An algorithm is just a recipe. The ingredients you hand it — the features — determine the quality of the dish. A mediocre algorithm with excellent features will usually beat a fancy algorithm fed useless ones.

🍊 Analogy — Apple vs Orange Suppose you want to classify fruit. Colour is a great feature — apples are red/green, oranges are orange. "The day of the week you bought it" is a terrible feature — it has nothing to do with what the fruit is. Picking good features is 80% of the job.

Practical heuristics:

Domain knowledge is king — talk to an expert about what actually drives the outcome.
Correlation check — does changing this feature value actually change the label in a predictable direction?
Irrelevant features add noise — they can even hurt accuracy by giving the model random patterns to overfit on.
Derived features can be powerful — e.g., "body-mass index" derived from height and weight tells you more than either alone.

⚖️Normalisation — Stop Big Numbers Bullying Small Ones

Imagine two features: age (range 0–100) and annual salary (range 0–200,000).

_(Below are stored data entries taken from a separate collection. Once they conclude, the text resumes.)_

lemma dt_logV_x_differentiable:
  assumes "z \<in> S"
  shows "dt logV_x differentiable (at z)"
proof (rule differentiable_transform_open[OF open_S assms])
  let ?f = "\<lambda>w. A * dt (dx \<phi>) w / affine_phi w - A * dx \<phi> w * (A * dt \<phi> w) / (affine_phi w)\<^sup>2
    - dt (dx (dx \<phi>)) w / (2 * dx \<phi> w) + dx (dx \<phi>) w * dt (dx \<phi>) w / (2 * (dx \<phi> w)\<^sup>2)"
  show "?f differentiable (at z)"
    using assms derivs_differentiable affine_phi_differentiable dx_phi_nonzero affine_phi_nonzero
    by (auto intro!: derivative_intros)
  show "?f w = dt logV_x w" if "w \<in> S" for w
  proof (cases w)
    case (Pair a b)
    show ?thesis unfolding Pair logV_x_def[abs_def]
      by (intro dt_eqI[symmetric]) (use that Pair dx_phi_nonzero affine_phi_nonzero in
        \<open>auto intro!: derivative_eq_intros t_line_derivatives simp: field_simps power2_eq_square\<close>)
  qed
qed

lemma dx_dt_logV_x:
  assumes "(a, b) \<in> S"
  shows "dx (dt logV_x) (a, b)
           = - dt (schwarzian \<phi>) (a, b) / 2 - 2 * logV_x (a, b) * dt logV_x (a, b)"
proof -
  have "logV_x differentiable_on S"
    using logV_x_differentiable by (simp add: differentiable_at_imp_differentiable_on)
  then have "dx (dt logV_x) (a, b) = dt (dx logV_x) (a, b)"
    using dt_dx_eq_dx_dt[OF open_S assms] dx_logV_x_differentiable dt_logV_x_differentiable assms
    by simp
  also have "\<dots> = dt (\<lambda>w. - schwarzian \<phi> w / 2 - (logV_x w)\<^sup>2) (a, b)"
    by (rule dt_cong_open[OF open_S assms]) (use logV_x_riccati in force)
  also have "\<dots> = - dt (schwarzian \<phi>) (a, b) / 2 - 2 * logV_x (a, b) * dt logV_x (a, b)"
    by (rule dt_eqI)
      (use assms in \<open>auto intro!: derivative_eq_intros differentiable_imp_t_line
        schwarzian_differentiable logV_x_differentiable\<close>)
  finally show ?thesis .
qed

lemma q_differentiable: "z \<in> S \<Longrightarrow> q differentiable (at z)"
  unfolding q_def[abs_def] using derivs_differentiable dx_phi_nonzero
  by (auto intro!: derivative_intros)

text \<open>\<open>V\<close> itself obeys the time flow \<open>V\<^sub>t = \<lambda> (p V\<^sub>x - p\<^sub>x V / 2)\<close>, with no use of the PDE.\<close>
lemma logV_t_eq:
  assumes "(a, b) \<in> S"
  shows "logV_t (a, b) = q (a, b) * logV_x (a, b) - dx q (a, b) / 2"
proof -
  have qx: "dx q (a, b)
      = (dt (dx \<phi>) (a, b) * dx \<phi> (a, b) - dt \<phi> (a, b) * dx (dx \<phi>) (a, b)) / (dx \<phi> (a, b))\<^sup>2"
    unfolding q_def[abs_def] by (rule dx_eqI) (use dx_phi_nonzero[OF assms] in
      \<open>auto intro!: derivative_eq_intros x_line_derivatives[OF assms] simp: power2_eq_square\<close>)
  show ?thesis
    unfolding qx logV_t_def logV_x_def q_def
    using dx_phi_nonzero[OF assms] affine_phi_nonzero[OF assms]
    by (simp add: field_simps power2_eq_square)
qed
(* Let $r$ be a positive integer and let $W_r$ be the $r$-grid. Let $\mathcal{T}$ be the natural tangle of $W_r$, i.e.\ the set of all separations $(A,B)$ of $W_r$ of order less than $r$ such that $B$ contains (the vertex set of) a cross of $W_r$. Then every separation $(A,B)\in\mathcal{T}$ satisfies $|A|\leq s^2$, where $s:=|A\cap B|$ is the order of $(A,B)$.
   Context: For a positive integer $r$, the $r$-grid $W_r$ is the graph with vertex set $\{(i,j):1\le i,j\le r\}$ in which $(i,j)$ and $(i',j')$ are adjacent if and only if $|i-i'|+|j-j'|=1$. For $1\le j\le r$ the set $\{1,\dots,r\}\times\{j\}$ is the $j$th column, and for $1\le i\le r$ the set $\{i\}\times\{1,\dots,r\}$ is the $i$th row; the union of any row with any column is a cross. A separation of a graph $G$ is a pair $(A,B)$ of vertex sets with $A\cup B=V(G)$ such that no edge of $G$ joins $A\setminus B$ to $B\setminus A$; its order is $|A\cap B|$. *)

theory Defs
  imports Main
begin

definition grid_vertices :: "nat \<Rightarrow> (nat \<times> nat) set" where
  "grid_vertices r = {1..r} \<times> {1..r}"

definition grid_adj :: "nat \<Rightarrow> nat \<times> nat \<Rightarrow> nat \<times> nat \<Rightarrow> bool" where
  "grid_adj r v w \<longleftrightarrow> v \<in> grid_vertices r \<and> w \<in> grid_vertices r \<and>
     (let (i, j) = v; (i', j') = w in
       abs (int i - int i') + abs (int j - int j') = 1)"

definition grid_column :: "nat \<Rightarrow> nat \<Rightarrow> (nat \<times> nat) set" where
  "grid_column r j = {1..r} \<times> {j}"

definition grid_row :: "nat \<Rightarrow> nat \<Rightarrow> (nat \<times> nat) set" where
  "grid_row r i = {i} \<times> {1..r}"

definition grid_cross :: "nat \<Rightarrow> (nat \<times> nat) set \<Rightarrow> bool" where
  "grid_cross r X \<longleftrightarrow> (\<exists>i\<in>{1..r}. \<exists>j\<in>{1..r}. X = grid_row r i \<union> grid_column r j)"

definition grid_separation :: "nat \<Rightarrow> (nat \<times> nat) set \<Rightarrow> (nat \<times> nat) set \<Rightarrow> bool" where
  "grid_separation r A B \<longleftrightarrow> A \<union> B = grid_vertices r \<and>
     (\<forall>v w. grid_adj r v w \<longrightarrow> \<not> (v \<in> A - B \<and> w \<in> B - A))"

definition sep_order :: "'a set \<Rightarrow> 'a set \<Rightarrow> nat" where
  "sep_order A B = card (A \<inter> B)"

definition natural_tangle :: "nat \<Rightarrow> ((nat \<times> nat) set \<times> (nat \<times> nat) set) set" where
  "natural_tangle r = {(A, B). grid_separation r A B \<and> sep_order A B < r \<and>
      (\<exists>X. grid_cross r X \<and> X \<subseteq> B)}"

end

theory Submission
  imports Defs
begin

text \<open>Let \<open>(A, B)\<close> be in the tangle with \<open>B\<close> containing the cross through \<open>(i\<^sub>0, j\<^sub>0)\<close>, and put
  \<open>S = A \<inter> B\<close>. A vertex \<open>(i, j) \<in> A - B\<close> is joined to \<open>(i, j\<^sub>0) \<in> B\<close> along row \<open>i\<close>, so that row
  must meet \<open>S\<close>; likewise column \<open>j\<close> meets \<open>S\<close>. Hence \<open>A\<close> lies in the product of the row and column
  projections of \<open>S\<close>, which has at most \<open>|S|\<^sup>2\<close> elements.\<close>

lemma grid_adj_sym: "grid_adj r v w \<Longrightarrow> grid_adj r w v"
  by (auto simp: grid_adj_def split: prod.splits)

lemma grid_separation_adj_same_side:
  assumes sep: "grid_separation r A B" and adj: "grid_adj r v w"
    and "v \<notin> A \<inter> B" "w \<notin> A \<inter> B"
  shows "v \<in> A \<longleftrightarrow> w \<in> A"
proof -
  have "v \<in> A \<union> B" "w \<in> A \<union> B"
    using sep adj by (auto simp: grid_separation_def grid_adj_def)
  moreover have "\<not> (v \<in> A - B \<and> w \<in> B - A)" "\<not> (w \<in> A - B \<and> v \<in> B - A)"
    using sep adj grid_adj_sym[OF adj] unfolding grid_separation_def by blast+
  ultimately show ?thesis using assms(3,4) by blast
qed

lemma grid_separation_walk_same_side:
  assumes sep: "grid_separation r A B"
    and walk: "\<forall>k<n. grid_adj r (f k) (f (Suc k))"
    and avoid: "\<forall>k\<le>n. f k \<notin> A \<inter> B"
  shows "f 0 \<in> A \<longleftrightarrow> f n \<in> A"
  using walk avoid
proof (induction n)
  case (Suc n)
  then have "f n \<in> A \<longleftrightarrow> f (Suc n) \<in> A"
    by (intro grid_separation_adj_same_side[OF sep]) auto
  with Suc show ?case by auto
qed simp

lemma grid_separation_row_same_side:
  assumes sep: "grid_separation r A B"
    and avoid: "\<forall>y\<in>{1..r}. (i, y) \<notin> A \<inter> B"
    and "i \<in> {1..r}" "j \<in> {1..r}" "j' \<in> {1..r}"
  shows "(i, j) \<in> A \<longleftrightarrow> (i, j') \<in> A"
proof -
  have "(i, lo) \<in> A \<longleftrightarrow> (i, hi) \<in> A" if "lo \<le> hi" "lo \<in> {1..r}" "hi \<in> {1..r}" for lo hi
  proof -
    have "\<forall>k<hi - lo. grid_adj r (i, lo + k) (i, lo + Suc k)"
      using that assms(3) by (auto simp: grid_adj_def grid_vertices_def)
    moreover have "\<forall>k\<le>hi - lo. (i, lo + k) \<notin> A \<inter> B"
      using that avoid by auto
    ultimately show ?thesis
      using grid_separation_walk_same_side[OF sep, of "hi - lo" "\<lambda>k. (i, lo + k)"] that by simp
  qed
  then show ?thesis
    using assms(4,5) by (metis nle_le)
qed

lemma grid_separation_column_same_side:
  assumes sep: "grid_separation r A B"
    and avoid: "\<forall>x\<in>{1..r}. (x, j) \<notin> A \<inter> B"
    and "j \<in> {1..r}" "i \<in> {1..r}" "i' \<in> {1..r}"
  shows "(i, j) \<in> A \<longleftrightarrow> (i', j) \<in> A"
proof -
  have "(lo, j) \<in> A \<longleftrightarrow> (hi, j) \<in> A" if "lo \<le> hi" "lo \<in> {1..r}" "hi \<in> {1..r}" for lo hi
  proof -
    have "\<forall>k<hi - lo. grid_adj r (lo + k, j) (lo + Suc k, j)"
      using that assms(3) by (auto simp: grid_adj_def grid_vertices_def)
    moreover have "\<forall>k\<le>hi - lo. (lo + k, j) \<notin> A \<inter> B"
      using that avoid by auto
    ultimately show ?thesis
      using grid_separation_walk_same_side[OF sep, of "hi - lo" "\<lambda>k. (lo + k, j)"] that by simp
  qed
  then show ?thesis
    using assms(4,5) by (metis nle_le)
qed

lemma natural_tangle_side_subset_separator_projections:
  assumes "(A, B) \<in> natural_tangle r"
  shows "A \<subseteq> fst ` (A \<inter> B) \<times> snd ` (A \<inter> B)"
proof
  fix v assume "v \<in> A"
  have sep: "grid_separation r A B" using assms by (simp add: natural_tangle_def)
  obtain i0 j0 where ij0: "i0 \<in> {1..r}" "j0 \<in> {1..r}"
    and cross: "grid_row r i0 \<union> grid_column r j0 \<subseteq> B"
    using assms by (auto simp: natural_tangle_def grid_cross_def)
  obtain i j where v: "v = (i, j)" by fastforce
  have ij: "i \<in> {1..r}" "j \<in> {1..r}"
    using \<open>v \<in> A\<close> sep v unfolding grid_separation_def grid_vertices_def by blast+
  show "v \<in> fst ` (A \<inter> B) \<times> snd ` (A \<inter> B)"
  proof (cases "v \<in> B")
    case True
    with \<open>v \<in> A\<close> have "v \<in> A \<inter> B" by blast
    then show ?thesis by (simp add: mem_Times_iff)
  next
    case False
    have "(i, j0) \<in> B" "(i0, j) \<in> B"
      using cross ij by (auto simp: grid_row_def grid_column_def)
    have "\<exists>y\<in>{1..r}. (i, y) \<in> A \<inter> B"
    proof (rule ccontr)
      assume avoid: "\<not> ?thesis"
      then have "(i, j0) \<in> A"
        using grid_separation_row_same_side[OF sep _ ij ij0(2)] \<open>v \<in> A\<close> v by blast
      with \<open>(i, j0) \<in> B\<close> ij0(2) avoid show False by blast
    qed
    moreover have "\<exists>x\<in>{1..r}. (x, j) \<in> A \<inter> B"
    proof (rule ccontr)
      assume avoid: "\<not> ?thesis"
      then have "(i0, j) \<in> A"
        using grid_separation_column_same_side[OF sep _ ij(2,1) ij0(1)] \<open>v \<in> A\<close> v by blast
      with \<open>(i0, j) \<in> B\<close> ij0(1) avoid show False by blast
    qed
    ultimately show ?thesis
      using v by (force simp: mem_Times_iff)
  qed
qed

lemma card_le_square_if_subset_projections:
  assumes "finite S" "A \<subseteq> fst ` S \<times> snd ` S"
  shows "card A \<le> card S ^ 2"
proof -
  have "card A \<le> card (fst ` S \<times> snd ` S)"
    using assms by (intro card_mono) auto
  also have "\<dots> = card (fst ` S) * card (snd ` S)"
    by (simp add: card_cartesian_product)
  also have "\<dots> \<le> card S * card S"
    using assms(1) by (intro mult_mono card_image_le) auto
  finally show ?thesis
    by (simp add: power2_eq_square)
qed

theorem lemma2:
  fixes r :: nat and A B :: "(nat \<times> nat) set"
  assumes "r > 0"
    and "(A, B) \<in> natural_tangle r"
  shows "card A \<le> (sep_order A B)^2"
proof -
  have "A \<union> B = grid_vertices r"
    using assms(2) by (simp add: natural_tangle_def grid_separation_def)
  then have "finite (A \<inter> B)"
    by (metis finite_Int finite_Un finite_SigmaI finite_atLeastAtMost grid_vertices_def)
  then show ?thesis
    using card_le_square_if_subset_projections natural_tangle_side_subset_separator_projections[OF assms(2)]
    by (simp add: sep_order_def)
qed

end
text \<open>Reduction mod p of the p-adic binomial coefficient binom(y, j), y given by
  digits c: the p-adic binomial coefficient is the p-adic limit of
  binom(y_N, j) for the truncations y_N of y, hence its reduction mod p is the
  eventual value of binom(y_N, j) mod p.  The result lies in {0..p-1} = F_p.\<close>
definition binom_modp :: "nat \<Rightarrow> nat \<Rightarrow> (nat \<Rightarrow> nat) \<Rightarrow> nat \<Rightarrow> nat" where
  "binom_modp p q c j =
     (THE v. eventually (\<lambda>N. (qadic_trunc q c N choose j) mod p = v) sequentially)"

text \<open>rho_* on digit sequences: the digit at position i moves to position rho i;
  so (rho_* c) (rho i) = c i.  Its inverse (rho^{-1})_* sends c to c o rho.\<close>
definition rho_star_digits :: "(nat \<Rightarrow> nat) \<Rightarrow> (nat \<Rightarrow> nat) \<Rightarrow> (nat \<Rightarrow> nat)" where
  "rho_star_digits \<rho> c = c \<circ> inv \<rho>"

definition rho_star_nat :: "(nat \<Rightarrow> nat) \<Rightarrow> nat \<Rightarrow> nat \<Rightarrow> nat" where
  "rho_star_nat \<rho> q n = (\<Sum>i | nat_digits q n i \<noteq> 0. nat_digits q n i * q ^ \<rho> i)"

end

theory Submission
  imports Defs "HOL-Number_Theory.Cong"
begin

text \<open>By Lucas' theorem for the prime power \<open>q = p\<^sup>m\<close>, \<open>binom(y, j) mod p\<close> is the
  product of \<open>binom(c\<^sub>i, d\<^sub>i)\<close> over the \<open>q\<close>-adic digits \<open>c\<^sub>i\<close> of \<open>y\<close> and \<open>d\<^sub>i\<close> of \<open>j\<close>.
  Applying \<open>\<rho>\<^sub>*\<close> to \<open>j\<close> moves its digit \<open>d\<^sub>i\<close> to position \<open>\<rho> i\<close>, while
  \<open>\<rho>\<^sub>*\<^sup>-\<^sup>1\<close> moves the digit of \<open>y\<close> at position \<open>\<rho> i\<close> to position \<open>i\<close>, so both sides are
  the same product, merely reindexed along \<open>\<rho>\<close>.\<close>

section \<open>Binomial coefficients modulo a prime\<close>

lemma sum_atMost_two_points:
  fixes A B p i :: nat
  assumes "0 < p"
  shows "(\<Sum>k\<le>i. if k = 0 then A else if k = p then B else 0)
         = A + (if p \<le> i then B else 0)"
proof -
  have "(\<Sum>k\<le>i. if k = 0 then A else if k = p then B else 0)
      = (\<Sum>k\<le>i. (if k = 0 then A else 0) + (if k = p then B else 0))"
    by (intro sum.cong) (use assms in auto)
  also have "\<dots> = A + (if p \<le> i then B else 0)"
    using assms by (auto simp: sum.distrib)
  finally show ?thesis .
qed

text \<open>The congruence \<open>(1 + X)\<^sup>p\<^sup>a \<equiv> (1 + X\<^sup>p)\<^sup>a\<close>, read off coefficientwise through
  Vandermonde's identity.\<close>

lemma choose_prime_mult_cong:
  assumes p: "prime p"
  shows "[(p * a) choose i = (if p dvd i then a choose (i div p) else 0)] (mod p)"
proof (induction a arbitrary: i)
  case 0
  show ?case
    by (cases "i = 0") (auto simp: binomial_eq_0)
next
  case (Suc a)
  have p0: "p > 0" using p prime_gt_0_nat by blast
  have "(p * Suc a) choose i = (\<Sum>k\<le>i. (p choose k) * ((p * a) choose (i - k)))"
    by (simp add: vandermonde add.commute)
  also have "[\<dots> = (\<Sum>k\<le>i. if k = 0 then (p * a) choose i
                      else if k = p then (p * a) choose (i - p) else 0)] (mod p)"
  proof (rule cong_sum)
    fix k
    show "[(p choose k) * ((p * a) choose (i - k))
          = (if k = 0 then (p * a) choose i
             else if k = p then (p * a) choose (i - p) else 0)] (mod p)"
    proof (cases "k = 0 \<or> k = p")
      case True
      then show ?thesis by auto
    next
      case False
      have "[p choose k = 0] (mod p)"
      proof (cases "k < p")
        case True
        then show ?thesis using False p dvd_choose_prime[of k p] by (simp add: cong_0_iff)
      next
        case False
        then show ?thesis using \<open>\<not> (k = 0 \<or> k = p)\<close> by (simp add: binomial_eq_0)
      qed
      then have "[(p choose k) * ((p * a) choose (i - k)) = 0 * ((p * a) choose (i - k))] (mod p)"
        by (rule cong_scalar_right)
      then show ?thesis using False by simp
    qed
  qed
  also have "(\<Sum>k\<le>i. if k = 0 then (p * a) choose i
                      else if k = p then (p * a) choose (i - p) else 0)
      = ((p * a) choose i) + (if p \<le> i then (p * a) choose (i - p) else 0)"
    by (rule sum_atMost_two_points[OF p0])
  also have "[\<dots> = (if p dvd i then a choose (i div p) else 0)
               + (if p \<le> i then (if p dvd (i - p) then a choose ((i - p) div p) else 0) else 0)] (mod p)"
    using Suc.IH by (intro cong_add) auto
  also have "(if p dvd i then a choose (i div p) else 0)
        + (if p \<le> i then (if p dvd (i - p) then a choose ((i - p) div p) else 0) else 0)
      = (if p dvd i then Suc a choose (i div p) else 0)"
  proof (cases "p dvd i")
    case True
    then obtain t where t: "i = p * t" by blast
    show ?thesis
    proof (cases t)
      case 0
      then show ?thesis using t p0 by simp
    next
      case (Suc t')
      then have "i - p = p * t'" using t by simp
      then show ?thesis using t Suc p0 by simp
    qed
  next
    case False
    then have "p \<le> i \<Longrightarrow> \<not> p dvd (i - p)"
      by (metis dvd_add_right_iff dvd_refl le_add_diff_inverse)
    then show ?thesis using False by auto
  qed
  finally show ?case .
qed

lemma choose_prime_power_mult_cong:
  assumes p: "prime p"
  shows "[(p ^ m * a) choose i = (if p ^ m dvd i then a choose (i div p ^ m) else 0)] (mod p)"
proof (induction m arbitrary: a i)
  case 0
  then show ?case by simp
next
  case (Suc m)
  have "(p ^ Suc m * a) choose i = (p ^ m * (p * a)) choose i" by (simp add: ac_simps)
  also have "[\<dots> = (if p ^ m dvd i then (p * a) choose (i div p ^ m) else 0)] (mod p)"
    by (rule Suc.IH)
  also have "[(if p ^ m dvd i then (p * a) choose (i div p ^ m) else 0)
            = (if p ^ m dvd i then (if p dvd (i div p ^ m)
                      then a choose (i div p ^ m div p) else 0) else 0)] (mod p)"
    using choose_prime_mult_cong[OF p, of a "i div p ^ m"] by auto
  also have "(if p ^ m dvd i then (if p dvd (i div p ^ m)
                      then a choose (i div p ^ m div p) else 0) else 0)
      = (if p ^ Suc m dvd i then a choose (i div p ^ Suc m) else 0)"
  proof (cases "p ^ m dvd i")
    case True
    then obtain t where t: "i = p ^ m * t" by blast
    have "p > 0" using p prime_gt_0_nat by simp
    then have "p ^ Suc m dvd i \<longleftrightarrow> p dvd t"
      using t by (simp add: mult.commute[of p])
    moreover have "i div p ^ Suc m = i div p ^ m div p"
      by (simp add: div_mult2_eq mult.commute[of p])
    ultimately show ?thesis using True t \<open>p > 0\<close> by simp
  next
    case False
    then have "\<not> p ^ Suc m dvd i"
      using dvd_trans[of "p ^ m" "p ^ Suc m" i] by auto
    then show ?thesis using False by simp
  qed
  finally show ?case .
qed

text \<open>By Vandermonde only \<open>k = q b\<close> contributes: other multiples of \<open>q\<close>
  leave too much for \<open>r < q\<close>, and non-multiples vanish mod \<open>p\<close>.\<close>

lemma choose_prime_power_digit_cong:
  assumes p: "prime p" and r: "r < p ^ m" and s: "s < p ^ m"
  shows "[(p ^ m * a + r) choose (p ^ m * b + s) = (a choose b) * (r choose s)] (mod p)"
proof -
  define q where "q = p ^ m"
  have q0: "q > 0" using p prime_gt_0_nat by (simp add: q_def)
  have r': "r < q" and s': "s < q" using r s by (simp_all add: q_def)
  have "(q * a + r) choose (q * b + s) = (\<Sum>k\<le>q * b + s. ((q * a) choose k) * (r choose (q * b + s - k)))"
    by (simp add: vandermonde)
  also have "[\<dots> = (\<Sum>k\<le>q * b + s. if k = q * b then (a choose b) * (r choose s) else 0)] (mod p)"
  proof (rule cong_sum)
    fix k assume k: "k \<in> {..q * b + s}"
    show "[((q * a) choose k) * (r choose (q * b + s - k))
          = (if k = q * b then (a choose b) * (r choose s) else 0)] (mod p)"
    proof (cases "q dvd k")
      case True
      then obtain t where t: "k = q * t" by blast
      consider "t = b" | "t < b" | "t > b" by linarith
      then show ?thesis
      proof cases
        case 1
        have "[(q * a) choose (q * b) = a choose b] (mod p)"
          using choose_prime_power_mult_cong[OF p, of m a "q * b"] prime_gt_0_nat[OF p]
          by (simp add: q_def)
        then have "[((q * a) choose k) * (r choose s) = (a choose b) * (r choose s)] (mod p)"
          using 1 t by (simp add: cong_scalar_right)
        then show ?thesis using 1 t by simp
      next
        case 2
        then have "q * t + q \<le> q * b"
          by (metis Suc_leI mult_Suc_right mult_le_mono2 add.commute)
        then have "r choose (q * b + s - k) = 0"
          using t r' by (intro binomial_eq_0) linarith
        moreover have "k \<noteq> q * b" using 2 t q0 by simp
        ultimately show ?thesis by (simp add: binomial_eq_0)
      next
        case 3
        then have "q * (b + 1) \<le> k" unfolding t by (intro mult_le_mono2) simp
        then show ?thesis using k s' by simp
      qed
    next
      case False
      then have "[(q * a) choose k = 0] (mod p)"
        using choose_prime_power_mult_cong[OF p, of m a k] by (simp add: q_def)
      then have "[((q * a) choose k) * (r choose (q * b + s - k)) = 0 * (r choose (q * b + s - k))] (mod p)"
        by (rule cong_scalar_right)
      then show ?thesis using False by auto
    qed
  qed
  also have "(\<Sum>k\<le>q * b + s. if k = q * b then (a choose b) * (r choose s) else 0)
           = (a choose b) * (r choose s)"
    by simp
  finally show ?thesis unfolding q_def .
qed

The salary numbers are 2,000× bigger than age numbers. Many algorithms — especially those that measure distances or add up numbers — will effectively ignore age because salary dominates.

📏 Analogy It's like comparing a mountain (salary) to a pebble (age) when deciding which is "more important". Normalisation puts everything on the same ruler — say, 0 to 1 — so every feature gets a fair vote.

Min-max normalisation is the simplest approach:

normalised = (value − min) / (max − min)

Result: every feature lives in [0, 1], regardless of its original scale. Other methods include z-score standardisation (mean = 0, std = 1), but the principle is the same — bring features to a comparable scale.

⚠️Bias in Data — A Quick Warning

If your training data over-represents certain groups or under-represents others, the AI will inherit those skews as if they were ground truth.

⚠️ Watch out A face-recognition model trained mostly on one demographic will perform poorly — or unfairly — on others. A loan-approval model trained on historical decisions can perpetuate past discrimination. Skewed data → skewed (and sometimes harmful) AI.

The fix isn't purely technical — it requires careful data collection, diversity audits, and human oversight. We'll do a deep-dive on AI fairness and bias in Lesson 10. For now, just remember: the world your data describes is the world your model will assume is normal.

Feature Detective 🔍 Playground

Which single feature best separates cats from dogs? Pick one from the dropdown, and see how well it draws a boundary between the two classes on a 1-D number line.

Animal	weight_kg	ear_pointiness (0–10)	bark_or_meow (0=meow,1=bark)	whisker_len_cm	day_bought (1–7)	Label

Choose a feature to inspect:

Each dot = one animal. ● = dog ● = cat Dashed line = best threshold found.

Normaliser ⚖️ Playground

Drag the sliders to set raw feature values. Watch how the raw bars (wildly different scales) compare to the normalised bars — all squeezed into 0–1. This is why models often need normalisation.

Age (years) 35

Salary ($) 55,000

Height (cm) 170

Raw values (original scale)

Min-max normalised (0 – 1)

Without normalisation, salary dwarfs age and height — the model would treat salary as if it's thousands of times more "important" just because of its scale. After normalisation, all three features compete fairly.